I need to calculate the arcsine function of small values that are under the form of mpmath's "mpf" floating-point bignums.
What I call a "small" value is for example e/4/(10**7) = 0.000000067957045711476130884...
Here is a result of a test on my machine with mpmath's built-in asin function:
import gmpy2
from mpmath import *
from time import time
mp.dps = 10**6
val=e/4/(10**7)
print "ready"
start=time()
temp=asin(val)
print "mpmath asin: "+str(time()-start)+" seconds"
>>> 155.108999968 seconds
This is a particular case: I work with somewhat small numbers, so I'm asking myself if there is a way to calculate it in python that actually beats mpmath for this particular case (= for small values).
Taylor series are actually a good choice here because they converge very fast for small arguments.

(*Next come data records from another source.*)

definition QI :: "oct \<Rightarrow> oct \<Rightarrow> oct \<Rightarrow> oct \<Rightarrow> oct" where
  "QI I x \<xi> a =
     ((norm x)\<^sup>2 + (norm \<xi>)\<^sup>2)\<^sup>2 *\<^sub>R a
     - (2 * ((norm x)\<^sup>2 + (norm \<xi>)\<^sup>2)) *\<^sub>R
         (omul x (omul (projI I \<xi>) a) + omul (ocnj x) (omul (ocnj (projI I \<xi>)) a))
     + omul (omul x x) (omul (omul (projI I \<xi>) (projI I \<xi>)) a)
     + omul (omul (ocnj x) (ocnj x)) (omul (omul (ocnj (projI I \<xi>)) (ocnj (projI I \<xi>))) a)
     + (2 * (norm x)\<^sup>2 * (norm (projI I \<xi>))\<^sup>2) *\<^sub>R a"

definition MI :: "oct \<Rightarrow> oct \<Rightarrow> oct \<Rightarrow> oct \<Rightarrow> oct" where
  "MI I x \<xi> a = QI I x \<xi> (omul (ocnj \<xi>) a) - omul (ocnj x) (QI I x \<xi> a)"

text \<open>N_I is real valued (a real octonion); we take it as a real number\<close>
definition NI :: "oct \<Rightarrow> oct \<Rightarrow> oct \<Rightarrow> real" where
  "NI I x \<xi> = (norm (Delta (projI I \<xi>) x))\<^sup>2
     + 2 * (norm (perpI I \<xi>))\<^sup>2 * ((norm x)\<^sup>2 - 2 * oRe x * oRe (projI I \<xi>) + (norm (projI I \<xi>))\<^sup>2)
     + (norm (perpI I \<xi>))^4"

end

theory Submission
  imports Defs
begin

text \<open>Write \<open>x = \<alpha> + \<beta>K\<close> with \<open>K \<in> sphS\<close> and \<open>\<beta> = |Im x| \<ge> 0\<close>; a slice function is
  determined by its stem, and the slice product multiplies stems. Split \<open>\<xi>\<^sub>I = a\<^sub>0 + d\<close> with
  \<open>d\<close> imaginary. Then \<open>g = g\<^sub>I\<^sub>,\<^sub>\<xi>\<close> has stem \<open>(F, 2\<beta>d)\<close> with \<open>F = \<alpha>\<^sup>2 + \<beta>\<^sup>2 - 2\<alpha>a\<^sub>0 + |\<xi>|\<^sup>2\<close>,
  so \<open>N(g)\<close> has the real stem \<open>F\<^sup>2 - 4\<beta>\<^sup>2|d|\<^sup>2\<close>. Since \<open>|\<xi>|\<^sup>2 = |\<xi>\<^sub>I|\<^sup>2 + |\<xi>\<^sub>I\<^sup>\<bottom>|\<^sup>2\<close>, this is
  \<open>N\<^sub>I(x,\<xi>)\<close>, a sum of squares which vanishes exactly on \<open>\<Gamma>\<^sub>I\<close>. Likewise \<open>g\<^sup>c \<cdot> g\<^sup>c\<close> has stem
  \<open>(F\<^sup>2 + 4\<beta>\<^sup>2|d|\<^sup>2, -4\<beta>Fd)\<close>, and its slice product with a constant \<open>b\<close> takes the value
  \<open>Q\<^sub>I(x,\<xi>,b)\<close> at \<open>x\<close>. As \<open>h\<^sub>\<xi>\<^sub>,\<^sub>a\<close> is the constant \<open>conj \<xi> a\<close> minus \<open>conj x a\<close>, and the first
  stem component of \<open>g\<^sup>c \<cdot> g\<^sup>c\<close> is real, \<open>((g\<^sup>c \<cdot> g\<^sup>c) \<cdot> h\<^sub>\<xi>\<^sub>,\<^sub>a)(x) = Q\<^sub>I(x,\<xi>,conj \<xi> a) - conj x Q\<^sub>I(x,\<xi>,a)\<close>,
  which is \<open>M\<^sub>I(x,\<xi>,a)\<close>. Finally \<open>N(g)\<^sup>-\<^sup>2\<close> has a real stem, and slice multiplication by such
  a function is pointwise multiplication.\<close>

lemmas oct_coords = omul_def qmul_def qcnj_def case_prod_unfold prod_eq_iff

lemma oct_cases: obtains a0 a1 a2 a3 a4 a5 a6 a7 where "x = ((a0,a1,a2,a3),(a4,a5,a6,a7))"
  by (metis prod.exhaust)

lemma omul_add_left: "omul (x + y) z = omul x z + omul y z"
  by (simp add: oct_coords algebra_simps)
lemma omul_add_right: "omul z (x + y) = omul z x + omul z y"
  by (simp add: oct_coords algebra_simps)
lemma omul_diff_left: "omul (x - y) z = omul x z - omul y z"
  by (simp add: oct_coords algebra_simps)
lemma omul_diff_right: "omul z (x - y) = omul z x - omul z y"
  by (simp add: oct_coords algebra_simps)
lemma omul_minus_left: "omul (- x) z = - omul x z"
  by (simp add: oct_coords algebra_simps)
lemma omul_minus_right: "omul z (- x) = - omul z x"
  by (simp add: oct_coords algebra_simps)
lemma omul_zero_left: "omul 0 z = 0"
  by (simp add: oct_coords)
lemma omul_zero_right: "omul z 0 = 0"
  by (simp add: oct_coords)
lemma omul_scaleR_left: "omul (r *\<^sub>R x) z = r *\<^sub>R omul x z"
  by (simp add: oct_coords algebra_simps)
lemma omul_scaleR_right: "omul z (r *\<^sub>R x) = r *\<^sub>R omul z x"
  by (simp add: oct_coords algebra_simps)
lemma omul_oone_left: "omul oone z = z"
  by (simp add: oct_coords oone_def)
lemma omul_oone_right: "omul z oone = z"
  by (simp add: oct_coords oone_def)

lemma oRe_add: "oRe (x + y) = oRe x + oRe y" by (simp add: oRe_def)
lemma oRe_diff: "oRe (x - y) = oRe x - oRe y" by (simp add: oRe_def)
lemma oRe_minus: "oRe (- x) = - oRe x" by (simp add: oRe_def)
lemma oRe_scaleR: "oRe (r *\<^sub>R x) = r * oRe x" by (simp add: oRe_def)
lemma oRe_oone: "oRe oone = 1" by (simp add: oRe_def oone_def)
lemma oRe_zero: "oRe 0 = 0" by (simp add: oRe_def)

lemma ocnj_add: "ocnj (x + y) = ocnj x + ocnj y"
  by (simp add: ocnj_def qcnj_def case_prod_unfold)
lemma ocnj_diff: "ocnj (x - y) = ocnj x - ocnj y"
  by (simp add: ocnj_def qcnj_def case_prod_unfold)
lemma ocnj_minus: "ocnj (- x) = - ocnj x"
  by (simp add: ocnj_def qcnj_def case_prod_unfold)
lemma ocnj_scaleR: "ocnj (r *\<^sub>R x) = r *\<^sub>R ocnj x"
  by (simp add: ocnj_def qcnj_def case_prod_unfold)
lemma ocnj_oone: "ocnj oone = oone"
  by (simp add: ocnj_def qcnj_def oone_def)
lemma ocnj_zero: "ocnj 0 = 0"
  by (simp add: ocnj_def qcnj_def case_prod_unfold zero_prod_def)

lemmas oct_linear_simps = omul_add_left omul_add_right omul_diff_left omul_diff_right
  omul_minus_left omul_minus_right omul_zero_left omul_zero_right omul_scaleR_left
  omul_scaleR_right omul_oone_left omul_oone_right oRe_add oRe_diff oRe_minus oRe_scaleR
  oRe_oone oRe_zero ocnj_add ocnj_diff ocnj_minus ocnj_scaleR ocnj_oone ocnj_zero

lemma ocnj_imag: "oRe U = 0 \<Longrightarrow> ocnj U = - U"
  by (cases U rule: oct_cases) (simp add: ocnj_def qcnj_def oRe_def)

lemma inner_oone: "inner oone x = oRe x"
  by (cases x rule: oct_cases) (simp add: oone_def oRe_def)

lemma norm_oone: "norm oone = 1"
  by (simp add: oone_def norm_Pair)

lemma omul_imag_imag:
  assumes "oRe U = 0" shows "omul U (omul U y) = - (norm U)\<^sup>2 *\<^sub>R y"
proof -
  obtain a0 a1 a2 a3 a4 a5 a6 a7 where U: "U = ((a0,a1,a2,a3),(a4,a5,a6,a7))" by (rule oct_cases)
  obtain b0 b1 b2 b3 b4 b5 b6 b7 where y: "y = ((b0,b1,b2,b3),(b4,b5,b6,b7))" by (rule oct_cases)
  show ?thesis using assms unfolding power2_norm_eq_inner U y
    by (simp add: oct_coords oRe_def algebra_simps power2_eq_square)
qed

lemma omul_imag_self: "oRe U = 0 \<Longrightarrow> omul U U = - (norm U)\<^sup>2 *\<^sub>R oone"
  using omul_imag_imag[of U oone] by (simp add: omul_oone_right)

lemma oRe_oIm: "oRe (oIm x) = 0"
  by (simp add: oIm_def orl_def oRe_diff oRe_scaleR oRe_oone)

lemma oRe_oIm_decomp: "x = oRe x *\<^sub>R oone + oIm x"
  by (simp add: oIm_def orl_def)

lemma norm_real_imag_sq: "oRe U = 0 \<Longrightarrow> (norm (p *\<^sub>R oone + U))\<^sup>2 = p\<^sup>2 + (norm U)\<^sup>2"
  unfolding power2_norm_eq_inner
  by (simp add: inner_add_left inner_add_right inner_oone oRe_oone inner_commute[of U oone]
      power2_eq_square)

lemma sphS_iff: "K \<in> sphS \<longleftrightarrow> oRe K = 0 \<and> norm K = 1"
proof
  assume "oRe K = 0 \<and> norm K = 1"
  then show "K \<in> sphS" by (simp add: sphS_def omul_imag_self)
next
  assume "K \<in> sphS"
  define r where "r = oRe K"
  define U where "U = oIm K"
  have U: "oRe U = 0" unfolding U_def by (rule oRe_oIm)
  have K: "K = r *\<^sub>R oone + U" unfolding r_def U_def by (rule oRe_oIm_decomp)
  have "omul K K = (r\<^sup>2 - (norm U)\<^sup>2) *\<^sub>R oone + (2 * r) *\<^sub>R U"
    unfolding K by (simp add: oct_linear_simps omul_imag_self[OF U] power2_eq_square
        algebra_simps flip: scaleR_2)
  with \<open>K \<in> sphS\<close> have sq: "(r\<^sup>2 - (norm U)\<^sup>2) *\<^sub>R oone + (2 * r) *\<^sub>R U = - oone"
    by (simp add: sphS_def)
  have "oRe ((r\<^sup>2 - (norm U)\<^sup>2) *\<^sub>R oone + (2 * r) *\<^sub>R U) = oRe (- oone)"
    by (simp only: sq)
  then have re: "r\<^sup>2 - (norm U)\<^sup>2 = -1"
    by (simp add: oct_linear_simps U)
  with sq have "r = 0 \<or> U = 0" by simp
  moreover have "U \<noteq> 0"
  proof
    assume "U = 0"
    with re have "r\<^sup>2 = -1" by simp
    moreover have "r\<^sup>2 \<ge> 0" by simp
    ultimately show False by linarith
  qed
  ultimately have "r = 0" by blast
  with re have "norm U = 1" using norm_ge_zero[of U] by (auto simp: power2_eq_1_iff)
  with \<open>r = 0\<close> show "oRe K = 0 \<and> norm K = 1" using K U by simp
qed

lemma sphS_imp_norm: "K \<in> sphS \<Longrightarrow> norm K = 1"
  by (simp add: sphS_iff)

lemma omul_sphS_sphS: "K \<in> sphS \<Longrightarrow> omul K (omul K y) = - y"
  by (simp add: omul_imag_imag sphS_iff)

lemma omul_sphS_self: "K \<in> sphS \<Longrightarrow> omul K K = - oone"
  by (simp add: sphS_def)

lemma ocnj_sphS: "K \<in> sphS \<Longrightarrow> ocnj K = - K"
  by (simp add: ocnj_imag sphS_iff)

lemma oRe_orl: "oRe (orl \<alpha>) = \<alpha>"
  by (simp add: orl_def oRe_scaleR oRe_oone)

lemma oIm_orl: "oIm (orl \<alpha>) = 0"
  by (simp add: oIm_def oRe_orl)

lemma oRe_polar: "K \<in> sphS \<Longrightarrow> oRe (orl \<alpha> + \<beta> *\<^sub>R K) = \<alpha>"
  by (simp add: orl_def oct_linear_simps sphS_iff)

lemma oIm_polar: "K \<in> sphS \<Longrightarrow> oIm (orl \<alpha> + \<beta> *\<^sub>R K) = \<beta> *\<^sub>R K"
  by (simp add: oIm_def oRe_polar)

lemma norm_polar_sq: "K \<in> sphS \<Longrightarrow> (norm (orl \<alpha> + \<beta> *\<^sub>R K))\<^sup>2 = \<alpha>\<^sup>2 + \<beta>\<^sup>2"
  by (simp add: orl_def norm_real_imag_sq oRe_scaleR sphS_iff power_mult_distrib)

lemma ocnj_polar: "K \<in> sphS \<Longrightarrow> ocnj (orl \<alpha> + \<beta> *\<^sub>R K) = orl \<alpha> - \<beta> *\<^sub>R K"
  by (simp add: orl_def oct_linear_simps ocnj_sphS)

lemma oct_polar:
  obtains K where "K \<in> sphS" "x = orl (oRe x) + norm (oIm x) *\<^sub>R K"
proof (cases "oIm x = 0")
  case True
  have "K0 \<in> sphS" by (simp add: sphS_iff K0_def oRe_def norm_Pair)
  with True show ?thesis using oRe_oIm_decomp[of x] that by (simp add: orl_def)
next
  case False
  have "(1 / norm (oIm x)) *\<^sub>R oIm x \<in> sphS"
    using False by (simp add: sphS_iff oRe_scaleR oRe_oIm)
  with False show ?thesis using oRe_oIm_decomp[of x] that by (simp add: orl_def)
qed

lemma sph_of_iff: "x \<in> sph_of \<eta> \<longleftrightarrow> oRe x = oRe \<eta> \<and> norm (oIm x) = norm (oIm \<eta>)"
proof
  assume "x \<in> sph_of \<eta>"
  then obtain K where "K \<in> sphS" "x = orl (oRe \<eta>) + norm (oIm \<eta>) *\<^sub>R K"
    by (auto simp: sph_of_def)
  then show "oRe x = oRe \<eta> \<and> norm (oIm x) = norm (oIm \<eta>)"
    by (simp add: oRe_polar oIm_polar sphS_imp_norm)
next
  assume "oRe x = oRe \<eta> \<and> norm (oIm x) = norm (oIm \<eta>)"
  moreover obtain K where "K \<in> sphS" "x = orl (oRe x) + norm (oIm x) *\<^sub>R K"
    by (rule oct_polar)
  ultimately show "x \<in> sph_of \<eta>" unfolding sph_of_def by (metis (mono_tags, lifting) mem_Collect_eq)
qed

text \<open>\<open>has_stem f A B\<close>: the stem \<open>(A, B)\<close> represents \<open>f\<close> on the closed upper half plane
  \<open>\<beta> \<ge> 0\<close>, which is all that \<open>stem_of\<close> and \<open>induced\<close> look at. The condition \<open>B \<alpha> 0 = 0\<close> is
  forced by \<open>induced\<close>, which on the real axis divides by \<open>norm 0\<close> and so keeps only \<open>A\<close>.\<close>

definition has_stem :: "(oct \<Rightarrow> oct) \<Rightarrow> (real \<Rightarrow> real \<Rightarrow> oct) \<Rightarrow> (real \<Rightarrow> real \<Rightarrow> oct) \<Rightarrow> bool"
  where "has_stem f A B \<longleftrightarrow> (\<forall>\<alpha>. B \<alpha> 0 = 0) \<and>
     (\<forall>\<alpha> \<beta> K. 0 \<le> \<beta> \<longrightarrow> K \<in> sphS \<longrightarrow> f (orl \<alpha> + \<beta> *\<^sub>R K) = A \<alpha> \<beta> + omul K (B \<alpha> \<beta>))"

lemma has_stemD:
  "has_stem f A B \<Longrightarrow> 0 \<le> \<beta> \<Longrightarrow> K \<in> sphS \<Longrightarrow> f (orl \<alpha> + \<beta> *\<^sub>R K) = A \<alpha> \<beta> + omul K (B \<alpha> \<beta>)"
  unfolding has_stem_def by blast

But I still need to accelerate the calculations further somehow.
Actually there are some problems:
1) Binary splitting is ineffective here because it shines only when you can write the argument as a small fraction. A full-precision float is given here.
2) arcsin is a non-alternating series, thus Van Wijngaarden or sumalt transformations are ineffective too (unless there is a way I'm not aware of to generalize them to non-alternating series).
https://en.wikipedia.org/wiki/Van_Wijngaarden_transformation
The only acceleration left I can think of is Chebyshev polynomials. Can Chebyshev polynomials be applied on the arcsin function? How to?